A slender hand poked through the frozen dirt.

For a long moment Yute only stared, panting softly while his heart drummed in his chest.  Then he shot backward, feet first out of the cave, and grabbed the ice ax.

He bent over close to the earth, pecking gently with the ax, chipping away flakes of permafrost.  In a moment he saw a scalp, with lots of hair.  Last night's blind shoveling had uncovered and broken open the edge of a lid made of thatched willow sticks.  Beneath the lid he could make out the rim of a rock-lined circular pit.  The hand protruded from the space; the flesh was intact and did not even appear to be shriveled or mummified.

Yute sweated in the chilly air.  Goose bumps stood out on his neck and arms as he reached gingerly to touch the hand again.  The flesh felt ice cold, but pliant, not stiff.  The fingers flexed easily.

"How can this be?"  His face wore a grimace of disbelief.  Somehow the tissues were not frozen rock hard.  The vessels of the hand were filled with cold blood, thick as sludge--but liquid, not frozen.  In the dark the spade had nicked the edge of the palm and a thin smear of dried blood covered the wound.

But how could anything be in those veins but dust and frost?

Yute gulped and the feeling of awe swelled in him like a wave.  He backed out and grabbed the spade.  Puffs of vapor shot from his mouth as he stabbed the spade into the ice to enlarge the cave.  The sun climbed higher and the day turned bright.  Yute worked carefully, but with high energy, and in just under an hour the cave was roomier, with a taller ceiling, wider sides, and twice the depth.  Near the rear wall the burial pit was now completely exposed.

He kneeled in front and hesitated, then delicately removed the thatched cover.

Slanted sunlight fell upon a young woman's face, angled slightly upward, gazing directly at her discoverer.  The light illuminated her dark green eyes.

Yute sucked in his breath.  He didn't move or think until he remembered to breathe.

"Behold, woman," he said.  "The light of the next world."

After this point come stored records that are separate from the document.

lemma summable_on_tuples_mult:
  assumes S: "S \<in> tensor_power n" and T: "T \<in> tensor_power n"
  shows "(\<lambda>e. S e * T e) summable_on tuples the_onb n"
proof -
  have "(\<lambda>e. (1/2) * (S e + T e)\<^sup>2 + (-1/2) * (S e)\<^sup>2 + (-1/2) * (T e)\<^sup>2)
          summable_on tuples the_onb n"
    using tensor_powerD(4)[OF tensor_power_add[OF S T]] tensor_powerD(4)[OF S] tensor_powerD(4)[OF T]
    by (intro summable_on_cmult_right summable_on_add)
  moreover have "(\<lambda>e. (1/2) * (S e + T e)\<^sup>2 + (-1/2) * (S e)\<^sup>2 + (-1/2) * (T e)\<^sup>2) = (\<lambda>e. S e * T e)"
    by (simp add: fun_eq_iff power2_sum algebra_simps)
  ultimately show ?thesis by simp
qed

lemma tinner_commute: "tinner n S T = tinner n T S"
  unfolding tinner_def by (simp add: mult.commute)

lemma tinner_zero_left: "tinner n (\<lambda>_. 0) T = 0"
  unfolding tinner_def by simp

lemma tinner_scale_left: "tinner n (\<lambda>xs. c * S xs) T = c * tinner n S T"
  unfolding tinner_def by (simp add: mult.assoc infsum_cmult_right')

lemma tinner_add_left:
  assumes "S \<in> tensor_power n" "T \<in> tensor_power n" "U \<in> tensor_power n"
  shows "tinner n (\<lambda>xs. S xs + T xs) U = tinner n S U + tinner n T U"
  unfolding tinner_def
  using infsum_add[OF summable_on_tuples_mult[OF assms(1,3)] summable_on_tuples_mult[OF assms(2,3)]]
  by (simp add: distrib_right)

lemma tinner_diff_left:
  assumes "S \<in> tensor_power n" "T \<in> tensor_power n" "U \<in> tensor_power n"
  shows "tinner n (\<lambda>xs. S xs - T xs) U = tinner n S U - tinner n T U"
  using tinner_add_left[OF assms(1) tensor_power_scale[OF assms(2), of "-1"] assms(3)]
    tinner_scale_left[of n "-1" T U]
  by simp

lemma tinner_permute:
  assumes "\<sigma> permutes {0..<n}"
  shows "tinner n (permute_form \<sigma> S) (permute_form \<sigma> T) = tinner n S T"
  unfolding tinner_def permute_form_def
  using infsum_reindex_bij_betw[OF bij_betw_permute_list_tuples[OF assms], of "\<lambda>e. S e * T e"]
  by simp

lemma tnorm_sq_nonneg: "0 \<le> tnorm_sq n T"
  unfolding tnorm_sq_def tinner_def by (rule infsum_nonneg) simp

lemma tnorm_sq_zero: "tnorm_sq n (\<lambda>_. 0) = 0"
  unfolding tnorm_sq_def by (rule tinner_zero_left)

lemma tnorm_sq_scale: "tnorm_sq n (\<lambda>xs. c * T xs) = c\<^sup>2 * tnorm_sq n T"
  unfolding tnorm_sq_def
  using tinner_commute[of n T "\<lambda>xs. c * T xs"] by (simp add: tinner_scale_left power2_eq_square)

lemma tnorm_sq_permute: "\<sigma> permutes {0..<n} \<Longrightarrow> tnorm_sq n (permute_form \<sigma> T) = tnorm_sq n T"
  unfolding tnorm_sq_def by (rule tinner_permute)

lemma tnorm_sq_add_le:
  assumes S: "S \<in> tensor_power n" and T: "T \<in> tensor_power n"
  shows "tnorm_sq n (\<lambda>xs. S xs + T xs) \<le> 2 * tnorm_sq n S + 2 * tnorm_sq n T"
proof -
  have S2: "(\<lambda>e. 2 * (S e * S e)) summable_on tuples the_onb n"
    and T2: "(\<lambda>e. 2 * (T e * T e)) summable_on tuples the_onb n"
    by (intro summable_on_cmult_right summable_on_tuples_mult S T)+
  have "tnorm_sq n (\<lambda>xs. S xs + T xs) \<le> (\<Sum>\<^sub>\<infinity>e\<in>tuples the_onb n. 2 * (S e * S e) + 2 * (T e * T e))"
    unfolding tnorm_sq_def tinner_def
  proof (rule infsum_mono)
    show "(\<lambda>e. (S e + T e) * (S e + T e)) summable_on tuples the_onb n"
      using summable_on_tuples_mult[OF tensor_power_add[OF S T] tensor_power_add[OF S T]] .
    show "(\<lambda>e. 2 * (S e * S e) + 2 * (T e * T e)) summable_on tuples the_onb n"
      by (rule summable_on_add[OF S2 T2])
    show "(S e + T e) * (S e + T e) \<le> 2 * (S e * S e) + 2 * (T e * T e)" for e
      using sum_squares_bound[of "S e" "T e"] by (simp add: power2_eq_square algebra_simps)
  qed
  also have "\<dots> = 2 * tnorm_sq n S + 2 * tnorm_sq n T"
    unfolding tnorm_sq_def tinner_def infsum_add[OF S2 T2] by (simp add: infsum_cmult_right')
  finally show ?thesis .
qed

lemma tnorm_sq_sum_le:
  assumes "finite I" "\<And>i. i \<in> I \<Longrightarrow> F i \<in> tensor_power n"
  shows "tnorm_sq n (\<lambda>xs. \<Sum>i\<in>I. F i xs) \<le> 2 ^ card I * (\<Sum>i\<in>I. tnorm_sq n (F i))"
  using assms
proof (induction I rule: finite_induct)
  case empty then show ?case by (simp add: tnorm_sq_zero)
next
  case (insert x I)
  have "tnorm_sq n (\<lambda>xs. \<Sum>i\<in>insert x I. F i xs) = tnorm_sq n (\<lambda>xs. F x xs + (\<Sum>i\<in>I. F i xs))"
    using insert by simp
  also have "\<dots> \<le> 2 * tnorm_sq n (F x) + 2 * tnorm_sq n (\<lambda>xs. \<Sum>i\<in>I. F i xs)"
    using insert by (intro tnorm_sq_add_le tensor_power_sum) auto
  also have "\<dots> \<le> 2 ^ Suc (card I) * tnorm_sq n (F x) + 2 * (2 ^ card I * (\<Sum>i\<in>I. tnorm_sq n (F i)))"
    using insert tnorm_sq_nonneg[of n "F x"]
    by (intro add_mono mult_right_mono mult_left_mono) auto
  also have "\<dots> = 2 ^ card (insert x I) * (\<Sum>i\<in>insert x I. tnorm_sq n (F i))"
    using insert by (simp add: algebra_simps)
  finally show ?case .
qed

text \<open>Young's inequality, used in place of Cauchy--Schwarz.\<close>

lemma abs_tinner_le:
  assumes S: "S \<in> tensor_power n" and T: "T \<in> tensor_power n" and c: "0 < c"
  shows "2 * \<bar>tinner n S T\<bar> \<le> c * tnorm_sq n S + tnorm_sq n T / c"
proof -
  have young: "2 * \<bar>x * y\<bar> \<le> c * (x * x) + (1/c) * (y * y)" for x y :: real
  proof -
    have "0 \<le> (c * \<bar>x\<bar> - \<bar>y\<bar>)\<^sup>2" by simp
    also have "\<dots> = c * (c * (x * x) + (1/c) * (y * y)) - c * (2 * \<bar>x * y\<bar>)"
      using c by (simp add: power2_diff power2_eq_square abs_mult abs_mult_self_eq field_simps)
    finally show ?thesis using c by simp
  qed
  have ST: "(\<lambda>e. norm (S e * T e)) summable_on tuples the_onb n"
    using summable_on_tuples_mult[OF S T] by (rule summable_on_iff_abs_summable_on_real[THEN iffD1])
  have S2: "(\<lambda>e. c * (S e * S e)) summable_on tuples the_onb n"
    and T2: "(\<lambda>e. (1/c) * (T e * T e)) summable_on tuples the_onb n"
    by (intro summable_on_cmult_right summable_on_tuples_mult S T)+
  have abs: "(\<lambda>e. 2 * \<bar>S e * T e\<bar>) summable_on tuples the_onb n"
    using summable_on_cmult_right[OF ST, of 2] by simp
  have "2 * \<bar>tinner n S T\<bar> \<le> 2 * (\<Sum>\<^sub>\<infinity>e\<in>tuples the_onb n. norm (S e * T e))"
    using norm_infsum_bound[of "\<lambda>e. S e * T e"] ST unfolding tinner_def by simp
  also have "\<dots> = (\<Sum>\<^sub>\<infinity>e\<in>tuples the_onb n. 2 * \<bar>S e * T e\<bar>)"
    by (simp add: infsum_cmult_right')
  also have "\<dots> \<le> (\<Sum>\<^sub>\<infinity>e\<in>tuples the_onb n. c * (S e * S e) + (1/c) * (T e * T e))"
    by (rule infsum_mono[OF abs summable_on_add[OF S2 T2] young])
  also have "\<dots> = c * tnorm_sq n S + tnorm_sq n T / c"
    unfolding infsum_add[OF S2 T2] infsum_cmult_right' tnorm_sq_def tinner_def by simp
  finally show ?thesis .
qed


section \<open>Linear and closed spans\<close>

lemma lin_span_zero: "(\<lambda>_. 0) \<in> lin_span X"
  unfolding lin_span_def by (auto intro!: exI[of _ "0::nat"])

lemma lin_span_base: "f \<in> X \<Longrightarrow> f \<in> lin_span X"
  unfolding lin_span_def
  by (auto intro!: exI[of _ "1::nat"] exI[of _ "\<lambda>_. 1"] exI[of _ "\<lambda>_. f"])

lemma lin_span_add_base:
  assumes F: "F \<in> lin_span X" and g: "g \<in> X"
  shows "(\<lambda>xs. F xs + a * g xs) \<in> lin_span X"
proof -
  obtain m :: nat and c f where F': "F = (\<lambda>xs. \<Sum>i<m. c i * f i xs)" and f: "\<forall>i<m. f i \<in> X"
    using F unfolding lin_span_def by blast
  have "(\<lambda>xs. F xs + a * g xs) = (\<lambda>xs. \<Sum>i<Suc m. (c(m:=a)) i * (f(m:=g)) i xs)"
    unfolding F' by (auto simp: fun_eq_iff intro!: sum.cong)
  moreover have "\<forall>i<Suc m. (f(m:=g)) i \<in> X" using f g by (auto simp: less_Suc_eq)
  ultimately show ?thesis unfolding lin_span_def by blast
qed

lemma lin_span_induct [consumes 1, case_names zero add_base]:
  assumes F: "F \<in> lin_span X"
    and zero: "P (\<lambda>_. 0)"
    and add_base: "\<And>F g a. F \<in> lin_span X \<Longrightarrow> g \<in> X \<Longrightarrow> P F \<Longrightarrow> P (\<lambda>xs. F xs + a * g xs)"
  shows "P F"
proof -
  obtain m :: nat and c f where F': "F = (\<lambda>xs. \<Sum>i<m. c i * f i xs)" and f: "\<forall>i<m. f i \<in> X"
    using F unfolding lin_span_def by blast
  have "k \<le> m \<Longrightarrow> (\<lambda>xs. \<Sum>i<k. c i * f i xs) \<in> lin_span X \<and> P (\<lambda>xs. \<Sum>i<k. c i * f i xs)" for k
  proof (induction k)
    case 0 then show ?case using zero lin_span_zero by simp
  next
    case (Suc k)
    then have IH: "(\<lambda>xs. \<Sum>i<k. c i * f i xs) \<in> lin_span X" "P (\<lambda>xs. \<Sum>i<k. c i * f i xs)"
      by auto
    have "f k \<in> X" using f Suc.prems by auto
    then show ?case using lin_span_add_base[OF IH(1)] add_base[OF IH(1) _ IH(2)] by simp
  qed
  then show ?thesis using F' by auto
qed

The body, dressed in a shaggy sheephide tunic, sat in a knees-to-chest position; its right elbow was braced on its right knee so that the hand was upraised in a gesture of eternal farewell, or, perhaps, greeting.  Thick dark hair, woven into many fine braids, spilled over her shoulders and snaked across her bosom.  Her facial features were robust: big eyes, broad cheeks, a large nose and full mouth, and a heavy jaw.  From these and more subtle clues he knew she was a Neanderthal.

Yute's eyes brimmed with tears.  No scientist had laid eyes upon a Neanderthal in the flesh before this crystalline moment.

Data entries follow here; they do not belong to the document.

text \<open>Total derivative D_x = d/dx + sum_k y^(k+1) d/dy^(k); on each coefficient
only finitely many summands can contribute.\<close>
definition Dx :: "'a::field ser \<Rightarrow> 'a ser" where
  "Dx h = (\<lambda>m. ser_pd 0 h m +
      (\<Sum>k\<in>{k. Poly_Mapping.lookup m (Suc (Suc k)) \<noteq> 0}.
          ser_mult (ser_var (Suc (Suc k))) (ser_pd (Suc k) h) m))"

definition prolQ :: "'a::field ser \<Rightarrow> 'a ser" where
  "prolQ f = ser_sub (ser_neg (ser_pd 0 f)) (ser_mult (ser_pd 1 f) (ser_var 2))"

text \<open>prolPhi f g k = X(y^(k)) for X = f p + g q.\<close>
fun prolPhi :: "'a::field ser \<Rightarrow> 'a ser \<Rightarrow> nat \<Rightarrow> 'a ser" where
  "prolPhi f g 0 = g"
| "prolPhi f g (Suc k) =
     ser_add (Dx (prolPhi f g k)) (ser_mult (prolQ f) (ser_var (Suc (Suc k))))"

text \<open>Prolongation of X = f p + g q acting on h \<in> A:
X(h) = f dh/dx + sum_k X(y^(k)) dh/dy^(k)  (finite sum for h \<in> A).\<close>
definition prol :: "'a::field ser \<Rightarrow> 'a ser \<Rightarrow> 'a ser \<Rightarrow> 'a ser" where
  "prol f g h = (\<lambda>m. ser_mult f (ser_pd 0 h) m +
      (\<Sum>k\<in>{k. ser_pd (Suc k) h \<noteq> ser_zero}.
          ser_mult (prolPhi f g k) (ser_pd (Suc k) h) m))"

text \<open>L(P): vector fields f p + g q (as pairs (f,g) in K[[x,y]]) whose prolongation
maps P to a multiple of P in A.\<close>
definition Lsym :: "'a::field ser \<Rightarrow> ('a ser \<times> 'a ser) set" where
  "Lsym P = {(f, g). in_Kxy f \<and> in_Kxy g \<and>
      (\<exists>B. in_A B \<and> prol f g P = ser_mult P B)}"

text \<open>The K-span of p, q, xq, xp - yq, yp, as pairs (f,g) of coefficients of (p,q).\<close>
definition span5 :: "('a::field ser \<times> 'a ser) set" where
  "span5 = {(f, g). \<exists>a b c d e.
      f = ser_add (ser_add (ser_const a) (ser_smult d (ser_var 0))) (ser_smult e (ser_var 1)) \<and>
      g = ser_sub (ser_add (ser_const b) (ser_smult c (ser_var 0))) (ser_smult d (ser_var 1))}"

end

theory Submission
  imports Defs "HOL-Library.FuncSet"
begin

text \<open>
Three of the generators
already lead to a contradiction.

  \<^item> The scaling field xp - yq prolongs to x d/dx - \<Sum>k (k+1) y^(k) d/dy^(k), which
    multiplies each monomial by (its x-degree) - (its weight), where y^(k) has weight
    k+1.  Together with a division lemma (a multiple P*B whose coefficients vanish at
    all monomials containing y^(m) is zero) this forces Q0 to be isobaric: every
    monomial c of Q0 has weight(c) - deg_x(c) = m+1, the weight of y^(m).
  \<^item> If m \<ge> 3, the coefficient of y'' y^(m-1) in yp(P) is a negative integer (computed
    from an explicit recursion for the prolongation coefficients of yp), while the
    isobaric property makes the corresponding coefficient of any multiple P*B vanish.
  \<^item> If m = 2, invariance under the translations p and q shows that Q0 involves
    neither x nor y; isobaricity then asks for 3 = 2 deg_y'(c), so Q0 = 0 and P = y''.
    But then xp is a symmetry of P although it is not in the span.
\<close>


subsection \<open>Monomials\<close>

abbreviation z :: "nat \<Rightarrow> nat \<Rightarrow>\<^sub>0 nat" where "z i \<equiv> Poly_Mapping.single i (Suc 0)"
abbreviation expo :: "(nat \<Rightarrow>\<^sub>0 nat) \<Rightarrow> nat \<Rightarrow> nat" where "expo mon i \<equiv> Poly_Mapping.lookup mon i"

lemma expo_single[simp]: "expo (z i) j = (if i = j then 1 else 0)"
  by (simp add: lookup_single when_def)

lemma expo_add[simp]: "expo (a + b) j = expo a j + expo b j"
  by (simp add: lookup_add)

lemma expo_minus[simp]: "expo (a - b) j = expo a j - expo b j"
  by (simp add: lookup_minus)

lemma monomial_eq_iff: "(a = b) \<longleftrightarrow> (\<forall>j. expo a j = expo b j)"
  using poly_mapping_eqI by auto

lemma add_z_eq_z_iff: "(mon + z i = z j) \<longleftrightarrow> (i = j \<and> mon = 0)"
proof
  assume h: "mon + z i = z j"
  then have "expo (mon + z i) i = expo (z j) i" by simp
  then have ij: "i = j" by (simp split: if_splits)
  have "expo mon k = 0" for k
    using arg_cong[OF h, of "\<lambda>a. expo a k"] ij by (simp split: if_splits)
  then show "i = j \<and> mon = 0" using ij by (simp add: monomial_eq_iff)
qed auto

lemma sub_z_add: "0 < expo mon i \<Longrightarrow> mon - z i + z i = mon"
  by (simp add: monomial_eq_iff)

lemma z_add_sub_iff: "z i + (mon - z i) = mon \<longleftrightarrow> 0 < expo mon i"
proof
  assume "z i + (mon - z i) = mon"
  then have "expo (z i + (mon - z i)) i = expo mon i" by simp
  then show "0 < expo mon i" by simp
qed (simp add: monomial_eq_iff)

lemma finite_splittings:
  fixes m :: "nat \<Rightarrow>\<^sub>0 nat"
  shows "finite {p::(nat \<Rightarrow>\<^sub>0 nat) \<times> (nat \<Rightarrow>\<^sub>0 nat). fst p + snd p = m}"
proof -
  let ?A = "{a::nat \<Rightarrow>\<^sub>0 nat. \<forall>k. expo a k \<le> expo m k}"
  let ?r = "\<lambda>a. restrict (expo a) (Poly_Mapping.keys m)"
  have "inj_on ?r ?A"
  proof (rule inj_onI)
    fix a b assume a: "a \<in> ?A" and b: "b \<in> ?A" and e: "?r a = ?r b"
    show "a = b"
    proof (rule poly_mapping_eqI)
      fix k show "expo a k = expo b k"
      proof (cases "k \<in> Poly_Mapping.keys m")
        case True
        then show ?thesis using fun_cong[OF e, of k] by simp
      next
        case False then have "expo m k = 0" by (simp add: in_keys_iff)
        then show ?thesis using a b by (metis le_zero_eq mem_Collect_eq)
      qed
    qed
  qed
  moreover have "?r ` ?A \<subseteq> PiE (Poly_Mapping.keys m) (\<lambda>k. {0..expo m k})"
    by auto
  then have "finite (?r ` ?A)"
    by (rule finite_subset) (auto intro: finite_PiE)
  ultimately have "finite ?A" using finite_imageD by blast
  moreover have "{p. fst p + snd p = m} \<subseteq> (\<lambda>a. (a, m - a)) ` ?A"
  proof
    fix p :: "(nat \<Rightarrow>\<^sub>0 nat) \<times> (nat \<Rightarrow>\<^sub>0 nat)" assume "p \<in> {p. fst p + snd p = m}"
    then have e: "fst p + snd p = m" by simp
    then have "fst p \<in> ?A" by auto
    moreover have "p = (fst p, m - fst p)" using e by auto
    ultimately show "p \<in> (\<lambda>a. (a, m - a)) ` ?A" by blast
  qed
  ultimately show ?thesis by (meson finite_imageI finite_subset)
qed


lemma ser_mult_comm: "ser_mult f g = ser_mult g f"
  unfolding ser_mult_def
proof (rule ext)
  fix m :: "nat \<Rightarrow>\<^sub>0 nat"
  show "(\<Sum>p\<in>{p. fst p + snd p = m}. f (fst p) * g (snd p)) =
        (\<Sum>p\<in>{p. fst p + snd p = m}. g (fst p) * f (snd p))"
    by (rule sum.reindex_bij_witness[where i = "\<lambda>(a,b). (b,a)" and j = "\<lambda>(a,b). (b,a)"])
       (auto simp: add.commute mult.commute)
qed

"You're absolutely beautiful," he said.  "Most of my life I've been waiting for this...for you."

He glanced up to the horizon.  No one to be seen for miles.  The sun glinted off the glacial ice.  How long ago did she live and roam this Arctic plain here with her tribe?

"Excuse me, sirs"--Yute's voice took on a formal tone--"Dr. Fischer, Dr. Whitcombe, other learned fellows of the academy; I recall that you gentlemen insisted Neanderthals died out in Eurasia and the Middle East and never crossed Beringia into the New World.  Well, it is my great pleasure to introduce you to a Neanderthal woman who is truly a First American."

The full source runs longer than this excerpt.